§ **Directions**
For the records below, print the lines from the line with "(\<gamma>*q) q (q^2) 1) \<and>" through the line with "qhorn_contiguous_X_first[where D = ?D7" exactly as written; include both end lines and exclude the rest.
══ Dataset records
(* Let $\alpha,\beta,\gamma\in\mathbb{C}$ with $\beta,\gamma\notin\{q^{-n}:n\in\mathbb{N}_0\}$. Then, as formal power series in $x,y$: (i) $\mathbf{H}_6(\alpha q;\beta;q,x,y)=\mathbf{H}_6(\alpha;\beta;q,x,y)+\frac{\alpha x(1-\alpha q)}{1-\beta}\mathbf{H}_6(\alpha q^2;\beta q;q,x,y)+\frac{\alpha xq(1-\alpha q)}{1-\beta}\mathbf{H}_6(\alpha q^2;\beta q;q,xq,y)+\frac{\alpha y}{1-\beta}\mathbf{H}_6(\alpha q;\beta q;q,xq^2,y)$; (ii) $\mathbf{H}_6(\alpha q;\beta;q,x,y)=\mathbf{H}_6(\alpha;\beta;q,x,y)+\frac{\alpha y}{1-\beta}\mathbf{H}_6(\alpha q;\beta q;q,x,y)+\frac{\alpha xq(1-\alpha q)}{1-\beta}\mathbf{H}_6(\alpha q^2;\beta q;q,xq,yq)+\frac{\alpha x(1-\alpha q)}{1-\beta}\mathbf{H}_6(\alpha q^2;\beta q;q,x,yq)$; (iii) $\mathbf{H}_7(\alpha q;\beta,\gamma;q,x,y)=\mathbf{H}_7(\alpha;\beta,\gamma;q,x,y)+\frac{\alpha x(1-\alpha q)}{1-\beta}\mathbf{H}_7(\alpha q^2;\beta q,\gamma;q,x,y)+\frac{\alpha xq(1-\alpha q)}{1-\beta}\mathbf{H}_7(\alpha q^2;\beta q,\gamma;q,xq,y)+\frac{\alpha y}{1-\gamma}\mathbf{H}_7(\alpha q;\beta,\gamma q;q,xq^2,y)$; (iv) $\mathbf{H}_7(\alpha q;\beta,\gamma;q,x,y)=\mathbf{H}_7(\alpha;\beta,\gamma;q,x,y)+\frac{\alpha y}{1-\gamma}\mathbf{H}_7(\alpha q;\beta,\gamma q;q,x,y)+\frac{\alpha xq(1-\alpha q)}{1-\beta}\mathbf{H}_7(\alpha q^2;\beta q,\gamma;q,xq,yq)+\frac{\alpha x(1-\alpha q)}{1-\beta}\mathbf{H}_7(\alpha q^2;\beta q,\gamma;q,x,yq)$.
   Context: Fix $q\in\mathbb{C}$ with $0<|q|<1$. For $a\in\mathbb{C}$ and $n\in\mathbb{N}_0$ the $q$-shifted factorial is $(a;q)_0=1$, $(a;q)_n=\prod_{k=0}^{n-1}(1-aq^k)$. For $\alpha\in\mathbb{C}$ and $\beta,\gamma\in\mathbb{C}\setminus\{q^{-n}:n\in\mathbb{N}_0\}$ the basic Horn functions are the double power series $\mathbf{H}_6(\alpha;\beta;q,x,y)=\sum_{r,s\ge0}\frac{(\alpha;q)_{2r+s}}{(\beta;q)_{r+s}(q;q)_r(q;q)_s}x^ry^s$ and $\mathbf{H}_7(\alpha;\beta,\gamma;q,x,y)=\sum_{r,s\ge0}\frac{(\alpha;q)_{2r+s}}{(\beta;q)_{r}(\gamma;q)_s(q;q)_r(q;q)_s}x^ry^s$. Expressions such as $\mathbf{H}_6(\alpha;\beta;q,xq,y)$ denote the series with $x$ replaced by $qx$ (and similarly for $y$). Identities are identities of formal power series in $x,y$ (equivalently of analytic functions near the origin). *)

theory Defs
  imports Complex_Main "HOL-Computational_Algebra.Formal_Power_Series"
begin

definition qpoch :: "complex \<Rightarrow> complex \<Rightarrow> nat \<Rightarrow> complex" where
  "qpoch a q n = (\<Prod>k<n. (1 - a * q ^ k))"

text \<open>Formal power series in two variables x, y are modelled as
  complex fps fps: the outer variable is x, the inner variable is y.
  So x corresponds to fps_X and y to fps_const fps_X.\<close>

abbreviation fpsx :: "complex fps fps" where "fpsx \<equiv> fps_X"
abbreviation fpsy :: "complex fps fps" where "fpsy \<equiv> fps_const fps_X"
abbreviation cst2 :: "complex \<Rightarrow> complex fps fps" where "cst2 c \<equiv> fps_const (fps_const c)"

text \<open>H6 alpha beta q a b denotes the series H_6(alpha;beta;q,a x,b y),
  i.e. the basic Horn series with x replaced by a x and y by b y.\<close>
definition H6 :: "complex \<Rightarrow> complex \<Rightarrow> complex \<Rightarrow> complex \<Rightarrow> complex \<Rightarrow> complex fps fps" where
  "H6 \<alpha> \<beta> q a b = Abs_fps (\<lambda>r. Abs_fps (\<lambda>s.
      qpoch \<alpha> q (2*r+s) / (qpoch \<beta> q (r+s) * qpoch q q r * qpoch q q s) * a ^ r * b ^ s))"

definition H7 :: "complex \<Rightarrow> complex \<Rightarrow> complex \<Rightarrow> complex \<Rightarrow> complex \<Rightarrow> complex \<Rightarrow> complex fps fps" where
  "H7 \<alpha> \<beta> \<gamma> q a b = Abs_fps (\<lambda>r. Abs_fps (\<lambda>s.
      qpoch \<alpha> q (2*r+s) / (qpoch \<beta> q r * qpoch \<gamma> q s * qpoch q q r * qpoch q q s) * a ^ r * b ^ s))"

end

theory Submission
  imports Defs
begin

(* Both H6 and H7 are instances of one series whose (r,s)-coefficient is
   (alpha;q)_(2r+s) / (D r s (q;q)_r (q;q)_s), with denominators satisfying
   D (r+1) s = u Dx r s and D r (s+1) = v Dy r s. Coefficientwise the identities
   come from (alpha q;q)_N = (alpha;q)_N + alpha (1 - q^N) (alpha q;q)_(N-1) with N = 2r+s,
   after splitting 1 - q^(2r+s) as (1 - q^(2r)) + q^(2r) (1 - q^s) or as
   (1 - q^s) + q^s (1 - q^(2r)). The factor 1 - q^s cancels against (q;q)_s, producing
   a y-shift; the factor 1 - q^(2r) = (1 - q^r)(1 + q^r) cancels against (q;q)_r,
   and 1 + q^r yields the two x-shifted terms. *)

abbreviation coeff2 :: "complex fps fps \<Rightarrow> nat \<Rightarrow> nat \<Rightarrow> complex" where
  "coeff2 F r s \<equiv> fps_nth (fps_nth F r) s"

lemma coeff2_const_X_mult:
  "coeff2 (cst2 c * fpsx * F) r s = (if r = 0 then 0 else c * coeff2 F (r - 1) s)"
  by (cases r) (simp_all add: mult.assoc)

lemma coeff2_const_Y_mult:
  "coeff2 (cst2 c * fpsy * F) r s = (if s = 0 then 0 else c * coeff2 F r (s - 1))"
  by (cases s) (simp_all add: mult.assoc)

lemma qpoch_Suc: "qpoch a q (Suc n) = qpoch a q n * (1 - a * q ^ n)"
  by (simp add: qpoch_def)

lemma qpoch_Suc_shift: "qpoch a q (Suc n) = (1 - a) * qpoch (a * q) q n"
  unfolding qpoch_def by (simp add: prod.lessThan_Suc_shift mult.assoc del: prod.lessThan_Suc)

lemma qpoch_mult_q: "qpoch (a * q) q n = qpoch a q n + a * (1 - q ^ n) * qpoch (a * q) q (n - 1)"
proof (cases n)
  case (Suc m)
  then show ?thesis by (simp add: qpoch_Suc[of "a * q" q m] qpoch_Suc_shift[of a q m] algebra_simps)
qed (simp add: qpoch_def)

lemma qpoch_qq_nonzero:
  assumes "\<And>k. q ^ Suc k \<noteq> 1"
  shows "qpoch q q n \<noteq> 0"
  using assms unfolding qpoch_def by (auto simp: prod_zero_iff)

lemma power_Suc_neq_one_if_norm_less_one:
  fixes q :: "'a :: real_normed_div_algebra"
  assumes "norm q < 1"
  shows "q ^ Suc k \<noteq> 1"
proof -
  have "norm q ^ Suc k < 1"
    using assms power_less_one_iff[of "norm q" "Suc k"] by simp
  then show ?thesis
    by (metis norm_one norm_power order.irrefl)
qed

definition qhorn :: "complex \<Rightarrow> (nat \<Rightarrow> nat \<Rightarrow> complex) \<Rightarrow> complex \<Rightarrow> complex \<Rightarrow> complex \<Rightarrow> complex fps fps" where
  "qhorn \<alpha> D q a b = Abs_fps (\<lambda>r. Abs_fps (\<lambda>s.
      qpoch \<alpha> q (2*r+s) / (D r s * qpoch q q r * qpoch q q s) * a ^ r * b ^ s))"

lemma coeff2_qhorn:
  "coeff2 (qhorn \<alpha> D q a b) r s = qpoch \<alpha> q (2*r+s) / (D r s * qpoch q q r * qpoch q q s) * a ^ r * b ^ s"
  by (simp add: qhorn_def)

lemma H6_eq_qhorn: "H6 \<alpha> \<beta> q a b = qhorn \<alpha> (\<lambda>r s. qpoch \<beta> q (r + s)) q a b"
  by (simp add: H6_def qhorn_def)

lemma H7_eq_qhorn: "H7 \<alpha> \<beta> \<gamma> q a b = qhorn \<alpha> (\<lambda>r s. qpoch \<beta> q r * qpoch \<gamma> q s) q a b"
  by (simp add: H7_def qhorn_def)

lemma coeff2_qhorn_X_terms:
  assumes q: "\<And>k. q ^ Suc k \<noteq> 1" and Dx: "\<And>r s. D (Suc r) s = u * Dx r s" and "u \<noteq> 0"
  shows "coeff2 (cst2 (\<alpha>*(1-\<alpha>*q)/u) * fpsx * qhorn (\<alpha>*q^2) Dx q 1 b
           + cst2 (\<alpha>*q*(1-\<alpha>*q)/u) * fpsx * qhorn (\<alpha>*q^2) Dx q q b) r s
       = \<alpha> * (1 - q^(2*r)) * qpoch (\<alpha>*q) q (2*r+s-1) * b^s / (D r s * qpoch q q r * qpoch q q s)"
proof (cases r)
  case (Suc i)
  have nonzero: "qpoch q q i \<noteq> 0" "qpoch q q s \<noteq> 0" "1 - q * q ^ i \<noteq> 0"
    using qpoch_qq_nonzero[OF q] q[of i] by auto
  have \<alpha>_shift: "qpoch (\<alpha>*q) q (2*r+s-1) = (1 - \<alpha>*q) * qpoch (\<alpha>*q^2) q (2*i+s)"
    using qpoch_Suc_shift[of "\<alpha>*q" q "2*i+s"] Suc by (simp add: power2_eq_square mult.assoc)
  have q_Suc: "qpoch q q r = qpoch q q i * (1 - q * q ^ i)"
    using Suc by (simp add: qpoch_Suc)
  have square_diff: "1 - q^(2*r) = (1 - q * q ^ i) * (1 + q * q ^ i)"
    using Suc by (simp add: power_mult power2_eq_square algebra_simps)
  have D_Suc: "D r s = u * Dx i s"
    using Suc Dx by simp
  show ?thesis
    unfolding \<alpha>_shift q_Suc square_diff D_Suc
    using Suc nonzero \<open>u \<noteq> 0\<close>
    \<comment> \<open>if \<open>Dx i s = 0\<close> both sides are 0 by \<open>x / 0 = 0\<close>, so D need not be nonvanishing\<close>
    by (cases "Dx i s = 0") (simp_all add: coeff2_const_X_mult coeff2_qhorn field_simps)
qed (simp add: coeff2_const_X_mult)

lemma coeff2_qhorn_Y_term:
  assumes q: "\<And>k. q ^ Suc k \<noteq> 1" and Dy: "\<And>r s. D r (Suc s) = v * Dy r s" and "v \<noteq> 0"
  shows "coeff2 (cst2 (\<alpha>/v) * fpsy * qhorn (\<alpha>*q) Dy q a 1) r s
       = \<alpha> * (1 - q^s) * qpoch (\<alpha>*q) q (2*r+s-1) * a^r / (D r s * qpoch q q r * qpoch q q s)"
proof (cases s)
  case (Suc j)
  have nonzero: "qpoch q q r \<noteq> 0" "qpoch q q j \<noteq> 0" "1 - q * q ^ j \<noteq> 0"
    using qpoch_qq_nonzero[OF q] q[of j] by auto
  have q_Suc: "qpoch q q s = qpoch q q j * (1 - q * q ^ j)"
    using Suc by (simp add: qpoch_Suc)
  have D_Suc: "D r s = v * Dy r j"
    using Suc Dy by simp
  show ?thesis
    unfolding q_Suc D_Suc
    using Suc nonzero \<open>v \<noteq> 0\<close>
    by (cases "Dy r j = 0") (simp_all add: coeff2_const_Y_mult coeff2_qhorn field_simps)
qed (simp add: coeff2_const_Y_mult)

lemma coeff2_qhorn_mult_q:
  "coeff2 (qhorn (\<alpha>*q) D q 1 1) r s = coeff2 (qhorn \<alpha> D q 1 1) r s
     + \<alpha> * (1 - q^(2*r+s)) * qpoch (\<alpha>*q) q (2*r+s-1) / (D r s * qpoch q q r * qpoch q q s)"
  by (simp add: coeff2_qhorn qpoch_mult_q[of \<alpha> q "2*r+s"] add_divide_distrib)

lemma qhorn_contiguous_X_first:
  assumes q: "\<And>k. q ^ Suc k \<noteq> 1"
    and Dx: "\<And>r s. D (Suc r) s = u * Dx r s" and "u \<noteq> 0"
    and Dy: "\<And>r s. D r (Suc s) = v * Dy r s" and "v \<noteq> 0"
  shows "qhorn (\<alpha>*q) D q 1 1 = qhorn \<alpha> D q 1 1
      + cst2 (\<alpha>*(1-\<alpha>*q)/u) * fpsx * qhorn (\<alpha>*q^2) Dx q 1 1
      + cst2 (\<alpha>*q*(1-\<alpha>*q)/u) * fpsx * qhorn (\<alpha>*q^2) Dx q q 1
      + cst2 (\<alpha>/v) * fpsy * qhorn (\<alpha>*q) Dy q (q^2) 1"
proof (intro fps_ext)
  fix r s
  let ?P = "qpoch (\<alpha>*q) q (2*r+s-1)" and ?den = "D r s * qpoch q q r * qpoch q q s"
  have "coeff2 (qhorn (\<alpha>*q) D q 1 1) r s
      = coeff2 (qhorn \<alpha> D q 1 1) r s + \<alpha> * (1 - q^(2*r+s)) * ?P / ?den"
    by (rule coeff2_qhorn_mult_q)
  also have "\<alpha> * (1 - q^(2*r+s)) * ?P / ?den
      = \<alpha> * (1 - q^(2*r)) * ?P * 1^s / ?den + \<alpha> * (1 - q^s) * ?P * q^(2*r) / ?den"
    by (simp add: power_add algebra_simps add_divide_distrib[symmetric])
  finally show "coeff2 (qhorn (\<alpha>*q) D q 1 1) r s = coeff2 (qhorn \<alpha> D q 1 1
      + cst2 (\<alpha>*(1-\<alpha>*q)/u) * fpsx * qhorn (\<alpha>*q^2) Dx q 1 1
      + cst2 (\<alpha>*q*(1-\<alpha>*q)/u) * fpsx * qhorn (\<alpha>*q^2) Dx q q 1
      + cst2 (\<alpha>/v) * fpsy * qhorn (\<alpha>*q) Dy q (q^2) 1) r s"
    using coeff2_qhorn_X_terms[of q D u Dx \<alpha> 1 r s, OF q Dx \<open>u \<noteq> 0\<close>]
      coeff2_qhorn_Y_term[of q D v Dy \<alpha> "q^2" r s, OF q Dy \<open>v \<noteq> 0\<close>]
    by (simp add: add.assoc power_mult)
qed

lemma qhorn_contiguous_Y_first:
  assumes q: "\<And>k. q ^ Suc k \<noteq> 1"
    and Dx: "\<And>r s. D (Suc r) s = u * Dx r s" and "u \<noteq> 0"
    and Dy: "\<And>r s. D r (Suc s) = v * Dy r s" and "v \<noteq> 0"
  shows "qhorn (\<alpha>*q) D q 1 1 = qhorn \<alpha> D q 1 1
      + cst2 (\<alpha>/v) * fpsy * qhorn (\<alpha>*q) Dy q 1 1
      + cst2 (\<alpha>*q*(1-\<alpha>*q)/u) * fpsx * qhorn (\<alpha>*q^2) Dx q q q
      + cst2 (\<alpha>*(1-\<alpha>*q)/u) * fpsx * qhorn (\<alpha>*q^2) Dx q 1 q"
proof (intro fps_ext)
  fix r s
  let ?P = "qpoch (\<alpha>*q) q (2*r+s-1)" and ?den = "D r s * qpoch q q r * qpoch q q s"
  have "coeff2 (qhorn (\<alpha>*q) D q 1 1) r s
      = coeff2 (qhorn \<alpha> D q 1 1) r s + \<alpha> * (1 - q^(2*r+s)) * ?P / ?den"
    by (rule coeff2_qhorn_mult_q)
  also have "\<alpha> * (1 - q^(2*r+s)) * ?P / ?den
      = \<alpha> * (1 - q^s) * ?P * 1^r / ?den + \<alpha> * (1 - q^(2*r)) * ?P * q^s / ?den"
    by (simp add: power_add algebra_simps add_divide_distrib[symmetric])
  finally show "coeff2 (qhorn (\<alpha>*q) D q 1 1) r s = coeff2 (qhorn \<alpha> D q 1 1
      + cst2 (\<alpha>/v) * fpsy * qhorn (\<alpha>*q) Dy q 1 1
      + cst2 (\<alpha>*q*(1-\<alpha>*q)/u) * fpsx * qhorn (\<alpha>*q^2) Dx q q q
      + cst2 (\<alpha>*(1-\<alpha>*q)/u) * fpsx * qhorn (\<alpha>*q^2) Dx q 1 q) r s"
    using coeff2_qhorn_X_terms[of q D u Dx \<alpha> q r s, OF q Dx \<open>u \<noteq> 0\<close>]
      coeff2_qhorn_Y_term[of q D v Dy \<alpha> 1 r s, OF q Dy \<open>v \<noteq> 0\<close>]
    by (simp add: algebra_simps)
qed

theorem theorem2p1:
  fixes q \<alpha> \<beta> \<gamma> :: complex
  assumes "q \<noteq> 0" and "norm q < 1"
    and "\<forall>n::nat. \<beta> \<noteq> inverse (q ^ n)"
    and "\<forall>n::nat. \<gamma> \<noteq> inverse (q ^ n)"
  shows
   "(H6 (\<alpha>*q) \<beta> q 1 1 = H6 \<alpha> \<beta> q 1 1
      + cst2 (\<alpha>*(1-\<alpha>*q)/(1-\<beta>)) * fpsx * H6 (\<alpha>*q^2) (\<beta>*q) q 1 1
      + cst2 (\<alpha>*q*(1-\<alpha>*q)/(1-\<beta>)) * fpsx * H6 (\<alpha>*q^2) (\<beta>*q) q q 1
      + cst2 (\<alpha>/(1-\<beta>)) * fpsy * H6 (\<alpha>*q) (\<beta>*q) q (q^2) 1) \<and>
   (H6 (\<alpha>*q) \<beta> q 1 1 = H6 \<alpha> \<beta> q 1 1
      + cst2 (\<alpha>/(1-\<beta>)) * fpsy * H6 (\<alpha>*q) (\<beta>*q) q 1 1
      + cst2 (\<alpha>*q*(1-\<alpha>*q)/(1-\<beta>)) * fpsx * H6 (\<alpha>*q^2) (\<beta>*q) q q q
      + cst2 (\<alpha>*(1-\<alpha>*q)/(1-\<beta>)) * fpsx * H6 (\<alpha>*q^2) (\<beta>*q) q 1 q) \<and>
   (H7 (\<alpha>*q) \<beta> \<gamma> q 1 1 = H7 \<alpha> \<beta> \<gamma> q 1 1
      + cst2 (\<alpha>*(1-\<alpha>*q)/(1-\<beta>)) * fpsx * H7 (\<alpha>*q^2) (\<beta>*q) \<gamma> q 1 1
      + cst2 (\<alpha>*q*(1-\<alpha>*q)/(1-\<beta>)) * fpsx * H7 (\<alpha>*q^2) (\<beta>*q) \<gamma> q q 1
      + cst2 (\<alpha>/(1-\<gamma>)) * fpsy * H7 (\<alpha>*q) \<beta> (\<gamma>*q) q (q^2) 1) \<and>
   (H7 (\<alpha>*q) \<beta> \<gamma> q 1 1 = H7 \<alpha> \<beta> \<gamma> q 1 1
      + cst2 (\<alpha>/(1-\<gamma>)) * fpsy * H7 (\<alpha>*q) \<beta> (\<gamma>*q) q 1 1
      + cst2 (\<alpha>*q*(1-\<alpha>*q)/(1-\<beta>)) * fpsx * H7 (\<alpha>*q^2) (\<beta>*q) \<gamma> q q q
      + cst2 (\<alpha>*(1-\<alpha>*q)/(1-\<beta>)) * fpsx * H7 (\<alpha>*q^2) (\<beta>*q) \<gamma> q 1 q)"
proof -
  have q: "q ^ Suc k \<noteq> 1" for k
    using \<open>norm q < 1\<close> by (rule power_Suc_neq_one_if_norm_less_one)
  have "1 - \<beta> \<noteq> 0" "1 - \<gamma> \<noteq> 0"
    using assms(3,4) by (metis inverse_1 power_0 right_minus_eq)+
  let ?D6 = "\<lambda>r s. qpoch \<beta> q (r + s)" and ?E6 = "\<lambda>r s. qpoch (\<beta>*q) q (r + s)"
  let ?D7 = "\<lambda>r s. qpoch \<beta> q r * qpoch \<gamma> q s"
  let ?D7x = "\<lambda>r s. qpoch (\<beta>*q) q r * qpoch \<gamma> q s" and ?D7y = "\<lambda>r s. qpoch \<beta> q r * qpoch (\<gamma>*q) q s"
  have H6_shift: "?D6 (Suc r) s = (1 - \<beta>) * ?E6 r s" "?D6 r (Suc s) = (1 - \<beta>) * ?E6 r s" for r s
    by (simp_all add: qpoch_Suc_shift)
  have H7_shift: "?D7 (Suc r) s = (1 - \<beta>) * ?D7x r s" "?D7 r (Suc s) = (1 - \<gamma>) * ?D7y r s" for r s
    by (simp_all add: qpoch_Suc_shift)
  show ?thesis
    unfolding H6_eq_qhorn H7_eq_qhorn
    using qhorn_contiguous_X_first[where D = ?D6 and Dx = ?E6 and Dy = ?E6,
            OF q H6_shift(1) \<open>1 - \<beta> \<noteq> 0\<close> H6_shift(2) \<open>1 - \<beta> \<noteq> 0\<close>]
      qhorn_contiguous_Y_first[where D = ?D6 and Dx = ?E6 and Dy = ?E6,
            OF q H6_shift(1) \<open>1 - \<beta> \<noteq> 0\<close> H6_shift(2) \<open>1 - \<beta> \<noteq> 0\<close>]
      qhorn_contiguous_X_first[where D = ?D7 and Dx = ?D7x and Dy = ?D7y,
            OF q H7_shift(1) \<open>1 - \<beta> \<noteq> 0\<close> H7_shift(2) \<open>1 - \<gamma> \<noteq> 0\<close>]
      qhorn_contiguous_Y_first[where D = ?D7 and Dx = ?D7x and Dy = ?D7y,
            OF q H7_shift(1) \<open>1 - \<beta> \<noteq> 0\<close> H7_shift(2) \<open>1 - \<gamma> \<noteq> 0\<close>]
    by blast
qed

end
════
§ **The completed task**
      + cst2 (\<alpha>/(1-\<gamma>)) * fpsy * H7 (\<alpha>*q) \<beta> (\<gamma>*q) q (q^2) 1) \<and>
   (H7 (\<alpha>*q) \<beta> \<gamma> q 1 1 = H7 \<alpha> \<beta> \<gamma> q 1 1
      + cst2 (\<alpha>/(1-\<gamma>)) * fpsy * H7 (\<alpha>*q) \<beta> (\<gamma>*q) q 1 1
      + cst2 (\<alpha>*q*(1-\<alpha>*q)/(1-\<beta>)) * fpsx * H7 (\<alpha>*q^2) (\<beta>*q) \<gamma> q q q
      + cst2 (\<alpha>*(1-\<alpha>*q)/(1-\<beta>)) * fpsx * H7 (\<alpha>*q^2) (\<beta>*q) \<gamma> q 1 q)"
proof -
  have q: "q ^ Suc k \<noteq> 1" for k
    using \<open>norm q < 1\<close> by (rule power_Suc_neq_one_if_norm_less_one)
  have "1 - \<beta> \<noteq> 0" "1 - \<gamma> \<noteq> 0"
    using assms(3,4) by (metis inverse_1 power_0 right_minus_eq)+
  let ?D6 = "\<lambda>r s. qpoch \<beta> q (r + s)" and ?E6 = "\<lambda>r s. qpoch (\<beta>*q) q (r + s)"
  let ?D7 = "\<lambda>r s. qpoch \<beta> q r * qpoch \<gamma> q s"
  let ?D7x = "\<lambda>r s. qpoch (\<beta>*q) q r * qpoch \<gamma> q s" and ?D7y = "\<lambda>r s. qpoch \<beta> q r * qpoch (\<gamma>*q) q s"
  have H6_shift: "?D6 (Suc r) s = (1 - \<beta>) * ?E6 r s" "?D6 r (Suc s) = (1 - \<beta>) * ?E6 r s" for r s
    by (simp_all add: qpoch_Suc_shift)
  have H7_shift: "?D7 (Suc r) s = (1 - \<beta>) * ?D7x r s" "?D7 r (Suc s) = (1 - \<gamma>) * ?D7y r s" for r s
    by (simp_all add: qpoch_Suc_shift)
  show ?thesis
    unfolding H6_eq_qhorn H7_eq_qhorn
    using qhorn_contiguous_X_first[where D = ?D6 and Dx = ?E6 and Dy = ?E6,
            OF q H6_shift(1) \<open>1 - \<beta> \<noteq> 0\<close> H6_shift(2) \<open>1 - \<beta> \<noteq> 0\<close>]
      qhorn_contiguous_Y_first[where D = ?D6 and Dx = ?E6 and Dy = ?E6,
            OF q H6_shift(1) \<open>1 - \<beta> \<noteq> 0\<close> H6_shift(2) \<open>1 - \<beta> \<noteq> 0\<close>]
      qhorn_contiguous_X_first[where D = ?D7 and Dx = ?D7x and Dy = ?D7y,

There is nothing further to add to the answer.